» Aim of the task
Scan the records below, and wherever a line has the word "linear", pull it out.

» Dataset entries

= = = = =

(* Let $(V,h)$ be an object of $\mathrm{Herm}(\mathrm{sVect})$ whose Hermitian pairing has signature $(p_1,p_2,p_3,p_4)$. Then the dual super Hermitian vector space $V^*$, equipped with the dual Hermitian pairing, has signature $(p_1,p_2,p_4,p_3)$.
   Context: $\mathrm{sVect}$: finite-dimensional complex $\mathbb{Z}/2$-graded vector spaces with even linear maps, graded tensor product and Koszul braiding $v\otimes w\mapsto(-1)^{|v||w|}w\otimes v$. $V^*$ is the graded space of all linear functionals, $T^*(f)=f\circ T$, with evaluation $f\otimes v\mapsto f(v)$; this is the chosen dual functor. Anti-involution $dV=\overline{V}^*$ (identified with $\overline{V^*}$ by $\bar f(\bar v)=\overline{f(v)}$), monoidal structure $\chi(\bar f\otimes\bar g)(\bar v\otimes\bar w)=(-1)^{|g||v|}\overline{f(v)g(w)}$, $\eta_V(v)=\Phi_v$ with $\Phi_v(f)=(-1)^{|f||v|}f(v)$. $\mathrm{Herm}(\mathrm{sVect})$: objects $(V,h)$ with $h\colon V\to dV$ an even isomorphism with $d(h)\circ\eta_V=h$; equivalently $V$ with a nondegenerate sesquilinear form $\langle\cdot,\cdot\rangle$, $V_0\perp V_1$, $\langle v,w\rangle=(-1)^{|v||w|}\overline{\langle w,v\rangle}$. An orthonormal basis is a homogeneous basis $e_1,\dots,e_n$ with $\langle e_i,e_j\rangle=\delta_{ij}\langle e_j,e_j\rangle$ and $\langle e_j,e_j\rangle\in\{\pm1,\pm i\}$; the signature $(p_1,p_2,p_3,p_4)$ counts the $j$ with $\langle e_j,e_j\rangle$ equal to $+1,-1,+i,-i$ respectively. The dual Hermitian pairing on $V^*$ is the composite $V^*\xrightarrow{(h^* )^{-1}}(dV)^*\cong d(V^* )$, where the last isomorphism is the canonical uniqueness-of-duals isomorphism (both are duals of $dV$, using that $d$ is symmetric monoidal). *)

theory Defs
  imports "HOL-Analysis.Analysis" "HOL-Library.Function_Algebras"
begin

definition super_space ::
  "(complex \<Rightarrow> 'v::ab_group_add \<Rightarrow> 'v) \<Rightarrow> 'v set \<Rightarrow> 'v set \<Rightarrow> 'v set \<Rightarrow> bool" where
  "super_space sc Bas V0 V1 \<longleftrightarrow>
     finite_dimensional_vector_space sc Bas \<and>
     module.subspace sc V0 \<and> module.subspace sc V1 \<and>
     V0 \<inter> V1 = {0} \<and> (\<forall>v. \<exists>a\<in>V0. \<exists>b\<in>V1. v = a + b)"

definition fscale :: "complex \<Rightarrow> ('v \<Rightarrow> complex) \<Rightarrow> ('v \<Rightarrow> complex)" where
  "fscale c f = (\<lambda>x. c * f x)"

definition dual_space :: "(complex \<Rightarrow> 'v::ab_group_add \<Rightarrow> 'v) \<Rightarrow> ('v \<Rightarrow> complex) set" where
  "dual_space sc = {f. Vector_Spaces.linear sc (*) f}"

definition dual_even :: "(complex \<Rightarrow> 'v::ab_group_add \<Rightarrow> 'v) \<Rightarrow> 'v set \<Rightarrow> ('v \<Rightarrow> complex) set" where
  "dual_even sc V1 = {f \<in> dual_space sc. \<forall>v\<in>V1. f v = 0}"

definition dual_odd :: "(complex \<Rightarrow> 'v::ab_group_add \<Rightarrow> 'v) \<Rightarrow> 'v set \<Rightarrow> ('v \<Rightarrow> complex) set" where
  "dual_odd sc V0 = {f \<in> dual_space sc. \<forall>v\<in>V0. f v = 0}"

= = = = =

» Answer to this task
   Context: $\mathrm{sVect}$: finite-dimensional complex $\mathbb{Z}/2$-graded vector spaces with even linear maps, graded tensor product and Koszul braiding $v\otimes w\mapsto(-1)^{|v||w|}w\otimes v$. $V^*$ is the graded space of all linear functionals, $T^*(f)=f\circ T$, with evaluation $f\otimes v\mapsto f(v)$; this is the chosen dual functor. Anti-involution $dV=\overline{V}^*$ (identified with $\overline{V^*}$ by $\bar f(\bar v)=\overline{f(v)}$), monoidal structure $\chi(\bar f\otimes\bar g)(\bar v\otimes\bar w)=(-1)^{|g||v|}\overline{f(v)g(w)}$, $\eta_V(v)=\Phi_v$ with $\Phi_v(f)=(-1)^{|f||v|}f(v)$. $\mathrm{Herm}(\mathrm{sVect})$: objects $(V,h)$ with $h\colon V\to dV$ an even isomorphism with $d(h)\circ\eta_V=h$; equivalently $V$ with a nondegenerate sesquilinear form $\langle\cdot,\cdot\rangle$, $V_0\perp V_1$, $\langle v,w\rangle=(-1)^{|v||w|}\overline{\langle w,v\rangle}$. An orthonormal basis is a homogeneous basis $e_1,\dots,e_n$ with $\langle e_i,e_j\rangle=\delta_{ij}\langle e_j,e_j\rangle$ and $\langle e_j,e_j\rangle\in\{\pm1,\pm i\}$; the signature $(p_1,p_2,p_3,p_4)$ counts the $j$ with $\langle e_j,e_j\rangle$ equal to $+1,-1,+i,-i$ respectively. The dual Hermitian pairing on $V^*$ is the composite $V^*\xrightarrow{(h^* )^{-1}}(dV)^*\cong d(V^* )$, where the last isomorphism is the canonical uniqueness-of-duals isomorphism (both are duals of $dV$, using that $d$ is symmetric monoidal). *)
  "dual_space sc = {f. Vector_Spaces.linear sc (*) f}"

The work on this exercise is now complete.